Германцу, что прибыл в Свердловск из Берлина,
Сказал он, свои объясняя дела,
Что стать инженером крестьянскому сыну
Родная советская власть помогла.
Сверкнуло пенснэ.Поборов удивленье,
Берлинец, казалось, растаять готов:
- Какое чудесное произношенье!
Ну, право же, немец вы, гер Кузнецов!
...Плывут, словно лебеди воспоминанья
И вечер, как дивный корабль плывет.
А завтра воскресное утро настанет
И парки столицы заполнит народ.
И вспыхнут весельем леса Подмосковья.
Быть может, любовь свою встретит он тут.
Возможно пополнится род Кузнецовых,
Возможно и дети и внуки пойдут.
Возможно.Но есть невозможное в мыслях.
Мечтатели, в этом не ваша вина.
Кто знал,что с рассвета над миром повиснет
В крови и рыданиях слово "Война".
Москва в непривычном мундире солдата
С утра привыкала к законам войны.
И, словно вокзалы все военкоматы,
Прощанья любимых, друзей и родных.
Крест - накрест заклеены окна в квартирах.

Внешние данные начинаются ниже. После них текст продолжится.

lemma exists_affine_decomposition:
  fixes x :: "nat \<Rightarrow> 's \<Rightarrow> 'a set"
  assumes "finite I" and closed: "\<And>n s. s \<in> I \<Longrightarrow> finite (x n s) \<and> x n s \<subseteq> X"
  obtains N S T d where "infinite N" "S \<subseteq> I"
    "\<And>U v. U \<subseteq> S \<Longrightarrow> U \<noteq> {} \<Longrightarrow> finite {n \<in> N. sd_sum (x n) U = v}"
    "\<And>s. s \<in> I \<Longrightarrow> T s \<subseteq> S" "\<And>s. s \<in> I \<Longrightarrow> finite (d s) \<and> d s \<subseteq> X"
    "\<And>s n. s \<in> I \<Longrightarrow> n \<in> N \<Longrightarrow> x n s = symdiff (sd_sum (x n) (T s)) (d s)"
proof -
  have "finite (Pow I)"
    using \<open>finite I\<close> by simp
  then obtain N where "infinite N" and dichotomy: "\<And>C. C \<in> Pow I \<Longrightarrow>
      (\<exists>v. \<forall>n \<in> N. sd_sum (x n) C = v) \<or> (\<forall>v. finite {n \<in> N. sd_sum (x n) C = v})"
    by (rule exists_infinite_constant_or_finite_fibres[where z = "\<lambda>C n. sd_sum (x n) C"]) (rule that)
  define K where "K = {C. \<exists>v. \<forall>n \<in> N. sd_sum (x n) C = v}"
  have "{} \<in> K"
    by (simp add: K_def sd_sum_conv_F)
  then obtain S where "S \<subseteq> I" and S_free: "\<And>U. U \<subseteq> S \<Longrightarrow> U \<noteq> {} \<Longrightarrow> U \<notin> K"
    and S_spans: "\<And>s. s \<in> I \<Longrightarrow> \<exists>T \<subseteq> S. symdiff {s} T \<in> K"
    by (rule exists_basis_modulo[OF \<open>finite I\<close>]) (rule that)
  have fibres: "finite {n \<in> N. sd_sum (x n) U = v}" if "U \<subseteq> S" "U \<noteq> {}" for U v
  proof -
    have "U \<in> Pow I"
      using that(1) \<open>S \<subseteq> I\<close> by auto
    then show ?thesis
      using dichotomy S_free[OF that] unfolding K_def by blast
  qed
  have "\<forall>s \<in> I. \<exists>T. T \<subseteq> S \<and> symdiff {s} T \<in> K"
    by (intro ballI S_spans)
  from bchoice[OF this] obtain T
    where T: "\<And>s. s \<in> I \<Longrightarrow> T s \<subseteq> S" and T_K: "\<And>s. s \<in> I \<Longrightarrow> symdiff {s} (T s) \<in> K"
    by blast
  have "\<forall>s \<in> I. \<exists>v. \<forall>n \<in> N. sd_sum (x n) (symdiff {s} (T s)) = v"
    using T_K by (simp add: K_def)
  from bchoice[OF this] obtain d
    where d: "\<And>s n. s \<in> I \<Longrightarrow> n \<in> N \<Longrightarrow> sd_sum (x n) (symdiff {s} (T s)) = d s"
    by blast
  have "finite S"
    using \<open>S \<subseteq> I\<close> \<open>finite I\<close> finite_subset by blast
  have decomp: "x n s = symdiff (sd_sum (x n) (T s)) (d s)" if "s \<in> I" "n \<in> N" for s n
  proof -
    have "finite (T s)"
      using T[OF that(1)] \<open>finite S\<close> finite_subset by blast
    then have "d s = symdiff (x n s) (sd_sum (x n) (T s))"
      using d[OF that] sd_sum_symdiff[of "{s}" "T s" "x n"] by (simp add: sd_sum_conv_F)
    then show ?thesis
      by (auto simp: symdiff_def)
  qed
  obtain n\<^sub>0 where "n\<^sub>0 \<in> N"
    using infinite_imp_nonempty[OF \<open>infinite N\<close>] by blast
  have d_closed: "finite (d s) \<and> d s \<subseteq> X" if "s \<in> I" for s
  proof -
    have "symdiff {s} (T s) \<subseteq> I"
      using that T[OF that] \<open>S \<subseteq> I\<close> by (auto simp: symdiff_def)
    then have "finite (sd_sum (x n\<^sub>0) (symdiff {s} (T s))) \<and> sd_sum (x n\<^sub>0) (symdiff {s} (T s)) \<subseteq> X"
      using closed by (intro sd_sum_finite_subset) blast
    then show ?thesis
      using d[OF that \<open>n\<^sub>0 \<in> N\<close>] by simp
  qed
  show thesis
    using that[OF \<open>infinite N\<close> \<open>S \<subseteq> I\<close> fibres T d_closed decomp] .
qed
(* Let $\{i,j,k\}=\{1,2,3\}$ and $n\ge0$. Then: 1. The atomic element $a^{ij}_n$ is $\varphi_i$-homomorphic and $\varphi_j$-homomorphic. 2. The atomic element $A^{ij}_n$ is $\varphi_i$-homomorphic. 3. The atomic element $A^{ij}_n$ is $(\varphi_j,y_k)$-homomorphic.
   Context: $D^{2,2,2}$ is the modular lattice generated by $x_1,y_1,x_2,y_2,x_3,y_3$ subject only to $x_i\subseteq y_i$ ($i=1,2,3$), with a greatest element $I$ adjoined. Meet is written $ab$, join $a+b$. Atomic elements: for distinct $i,j$, let $k$ denote the third index. Define - $a^{ij}_0=I$ and $a^{ij}_n=x_i+y_ja^{jk}_{n-1}$ for $n\ge1$; - $A^{ij}_0=I$ and $A^{ij}_n=y_i+x_jA^{ki}_{n-1}$ for $n\ge1$. A representation $\rho$ of $D^{2,2,2}$ in a finite-dimensional vector space $X_0$ is a lattice morphism from $D^{2,2,2}$ to the subspace lattice of $X_0$, with $\rho(I)=X_0$. Write $X_i=\rho(x_i)\subseteq Y_i=\rho(y_i)$. Put $R=Y_1\oplus Y_2\oplus Y_3$ and $X^1_0=\{(\eta_1,\eta_2,\eta_3)\in R:\sum\eta_i=0\}$. Let $G'_i\subseteq R$ be the triples with $i$-th coordinate in $X_i$, and $H'_i\subseteq R$ the triples with $i$-th coordinate $0$. $\Phi^+\rho$ is the representation in $X^1_0$ with $\Phi^+\rho(y_i)=G'_i\cap X^1_0$, $\Phi^+\rho(x_i)=H'_i\cap X^1_0$, $\Phi^+\rho(I)=X^1_0$. The elementary map $\varphi_i:X^1_0\to X_0$ is $(\eta_1,\eta_2,\eta_3)\mapsto\eta_i$; $\varphi_i(S)$ denotes the image of a subspace $S$. An element $a\in D^{2,2,2}$ is $\varphi_i$-homomorphic if, for every representation $\rho$ and every $p\in D^{2,2,2}$, $$\varphi_i(\Phi^+\rho(ap))=\varphi_i(\Phi^+\rho(a))\cap\varphi_i(\Phi^+\rho(p)).$$ An element $a$ is $(\varphi_i,y_k)$-homomorphic if, for every representation $\rho$ and every $p\in D^{2,2,2}$ with $p\subseteq y_k$, $$\varphi_i(\Phi^+\rho(ap))=\varphi_i(\Phi^+\rho(y_ka))\cap\varphi_i(\Phi^+\rho(p)).$$ *)

theory Defs
  imports Main "HOL.Vector_Spaces" "HOL-Library.Product_Plus"
begin

text \<open>Lattice terms over the generators x_i, y_i (i = 1,2,3) and the adjoined top I.
  Meet ab is Meet a b, join a+b is Join a b.\<close>
datatype lterm = Gx nat | Gy nat | Top | Meet lterm lterm | Join lterm lterm

text \<open>Terms using only the generators with indices 1, 2, 3 (= elements of D^{2,2,2}).\<close>
fun wf_term :: "lterm \<Rightarrow> bool" where
  "wf_term (Gx i) = (i \<in> {1,2,3})"
| "wf_term (Gy i) = (i \<in> {1,2,3})"
| "wf_term Top = True"
| "wf_term (Meet p q) = (wf_term p \<and> wf_term q)"
| "wf_term (Join p q) = (wf_term p \<and> wf_term q)"

text \<open>The order of D^{2,2,2}: the least preorder on terms making the quotient a
  modular lattice with greatest element Top in which x_i \<le> y_i.
  Thus p \<le> q holds in D^{2,2,2} iff dleq p q.\<close>
inductive dleq :: "lterm \<Rightarrow> lterm \<Rightarrow> bool" where
  refl: "dleq p p"
| trans: "dleq p q \<Longrightarrow> dleq q r \<Longrightarrow> dleq p r"
| meet_l: "dleq (Meet p q) p"
| meet_r: "dleq (Meet p q) q"
| meet_glb: "dleq r p \<Longrightarrow> dleq r q \<Longrightarrow> dleq r (Meet p q)"
| join_l: "dleq p (Join p q)"
| join_r: "dleq q (Join p q)"
| join_lub: "dleq p r \<Longrightarrow> dleq q r \<Longrightarrow> dleq (Join p q) r"
| top: "dleq p Top"
| gen: "i \<in> {1,2,3} \<Longrightarrow> dleq (Gx i) (Gy i)"
| modular: "dleq a c \<Longrightarrow> dleq (Meet (Join a b) c) (Join a (Meet b c))"

text \<open>Third index k of distinct i, j in {1,2,3}.\<close>
definition third :: "nat \<Rightarrow> nat \<Rightarrow> nat" where
  "third i j = 6 - i - j"

fun atom_a :: "nat \<Rightarrow> nat \<Rightarrow> nat \<Rightarrow> lterm" where
  "atom_a i j 0 = Top"
| "atom_a i j (Suc n) = Join (Gx i) (Meet (Gy j) (atom_a j (third i j) n))"

fun atom_A :: "nat \<Rightarrow> nat \<Rightarrow> nat \<Rightarrow> lterm" where
  "atom_A i j 0 = Top"
| "atom_A i j (Suc n) = Join (Gy i) (Meet (Gx j) (atom_A (third i j) i n))"

definition ssum :: "'w::plus set \<Rightarrow> 'w set \<Rightarrow> 'w set" where
  "ssum A B = {u + v | u v. u \<in> A \<and> v \<in> B}"

fun eval :: "'w::plus set \<Rightarrow> (nat \<Rightarrow> 'w set) \<Rightarrow> (nat \<Rightarrow> 'w set) \<Rightarrow> lterm \<Rightarrow> 'w set" where
  "eval T X Y (Gx i) = X i"
| "eval T X Y (Gy i) = Y i"
| "eval T X Y Top = T"
| "eval T X Y (Meet p q) = eval T X Y p \<inter> eval T X Y q"
| "eval T X Y (Join p q) = ssum (eval T X Y p) (eval T X Y q)"

text \<open>A representation of D^{2,2,2} in the finite-dimensional space UNIV :: 'v
  (over the field 'k with scalar multiplication scale, basis B).\<close>
definition is_rep :: "('k::field \<Rightarrow> 'v::ab_group_add \<Rightarrow> 'v) \<Rightarrow> 'v set
     \<Rightarrow> (nat \<Rightarrow> 'v set) \<Rightarrow> (nat \<Rightarrow> 'v set) \<Rightarrow> bool" where
  "is_rep scale B X Y \<longleftrightarrow> finite_dimensional_vector_space scale B \<and>
     (\<forall>i\<in>{1,2,3}. module.subspace scale (X i) \<and> module.subspace scale (Y i) \<and> X i \<subseteq> Y i)"

text \<open>The i-th coordinate of a triple (the elementary map phi_i).\<close>
definition coord :: "nat \<Rightarrow> 'v \<times> 'v \<times> 'v \<Rightarrow> 'v" where
  "coord i t = (if i = 1 then fst t else if i = 2 then fst (snd t) else snd (snd t))"

definition X01 :: "(nat \<Rightarrow> 'v::ab_group_add set) \<Rightarrow> ('v \<times> 'v \<times> 'v) set" where
  "X01 Y = {t. (\<forall>i\<in>{1,2,3}. coord i t \<in> Y i) \<and> fst t + fst (snd t) + snd (snd t) = 0}"

definition phiY :: "(nat \<Rightarrow> 'v::ab_group_add set) \<Rightarrow> (nat \<Rightarrow> 'v set) \<Rightarrow> nat \<Rightarrow> ('v \<times> 'v \<times> 'v) set" where
  "phiY X Y i = {t \<in> X01 Y. coord i t \<in> X i}"

definition phiX :: "(nat \<Rightarrow> 'v::ab_group_add set) \<Rightarrow> nat \<Rightarrow> ('v \<times> 'v \<times> 'v) set" where
  "phiX Y i = {t \<in> X01 Y. coord i t = 0}"

definition PhiP :: "(nat \<Rightarrow> 'v::ab_group_add set) \<Rightarrow> (nat \<Rightarrow> 'v set) \<Rightarrow> lterm \<Rightarrow> ('v \<times> 'v \<times> 'v) set" where
  "PhiP X Y p = eval (X01 Y) (phiX Y) (phiY X Y) p"

end

theory Submission
  imports Defs
begin

text \<open>Only the additive group structure matters: \<open>\<Phi>\<^sup>+\<rho>\<close> evaluates every term to an
  additive subgroup of \<open>X\<^sup>1\<^sub>0\<close>, monotonically in the order of D^{2,2,2}, and the kernel of
  \<open>\<phi>\<^sub>l\<close> on \<open>X\<^sup>1\<^sub>0\<close> is \<open>\<Phi>\<^sup>+\<rho>(x\<^sub>l)\<close>. If the kernel of an additive map on a group \<open>T\<close> lies in a
  subgroup \<open>A \<subseteq> T\<close>, the map commutes with intersecting \<open>A\<close> with any \<open>P \<subseteq> T\<close>. Hence \<open>a\<close> is
  \<open>\<phi>\<^sub>l\<close>-homomorphic as soon as \<open>x\<^sub>l \<le> a\<close>, and \<open>(\<phi>\<^sub>j,y\<^sub>k)\<close>-homomorphic as soon as
  \<open>x\<^sub>j y\<^sub>k \<le> a\<close> (take \<open>T = \<Phi>\<^sup>+\<rho>(y\<^sub>k)\<close>). These inequalities hold for the atomic elements by
  unfolding one step of their recursion.\<close>

definition additive_subgroup :: "'a::ab_group_add set \<Rightarrow> bool" where
  "additive_subgroup S \<longleftrightarrow> 0 \<in> S \<and> (\<forall>a\<in>S. \<forall>b\<in>S. a - b \<in> S)"

lemma additive_subgroup_zero: "additive_subgroup S \<Longrightarrow> 0 \<in> S"
  unfolding additive_subgroup_def by blast

lemma additive_subgroup_diff: "additive_subgroup S \<Longrightarrow> a \<in> S \<Longrightarrow> b \<in> S \<Longrightarrow> a - b \<in> S"
  unfolding additive_subgroup_def by blast

lemma additive_subgroup_add:
  assumes "additive_subgroup S" "a \<in> S" "b \<in> S"
  shows "a + b \<in> S"
proof -
  have "a - (0 - b) \<in> S"
    using assms by (blast intro: additive_subgroup_diff additive_subgroup_zero)
  then show ?thesis by simp
qed

lemma additive_subgroup_Int:
  "additive_subgroup A \<Longrightarrow> additive_subgroup B \<Longrightarrow> additive_subgroup (A \<inter> B)"
  unfolding additive_subgroup_def by blast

На улицах танки, сверканье штыков.
О, как горячо умолял командира
И рвался на фронт Николай Кузнецов.
Мужской разговор, откровенный, суровый,
Как будто звенела набатная медь:
- Хотите на фронт? А на что вы способны?
- Способен сражаться.Готов умереть!
Глава вторая
Упруго натянутый шелк парашюта.
Тревожная, нервная летняя ночь.
Земля приближается с каждой минутой,
А небо изрезал прожектор, как нож.
Толчок.Приземленье.Рассветная зыбкость.
Ты весь в напряжении, к бою готов:
Грачев - для друзей, для фашистов -Фон Зиберт,
А сам для себя - Николай Кузнецов.
Игривый, на травах настоенный ветер.
Землянка да лес молчаливый вокруг.
Один лишь на свете товарищ Медведев -
Твой бог партизанский, советчик и друг.
Потом ты поверишь, что мир твой не тесен.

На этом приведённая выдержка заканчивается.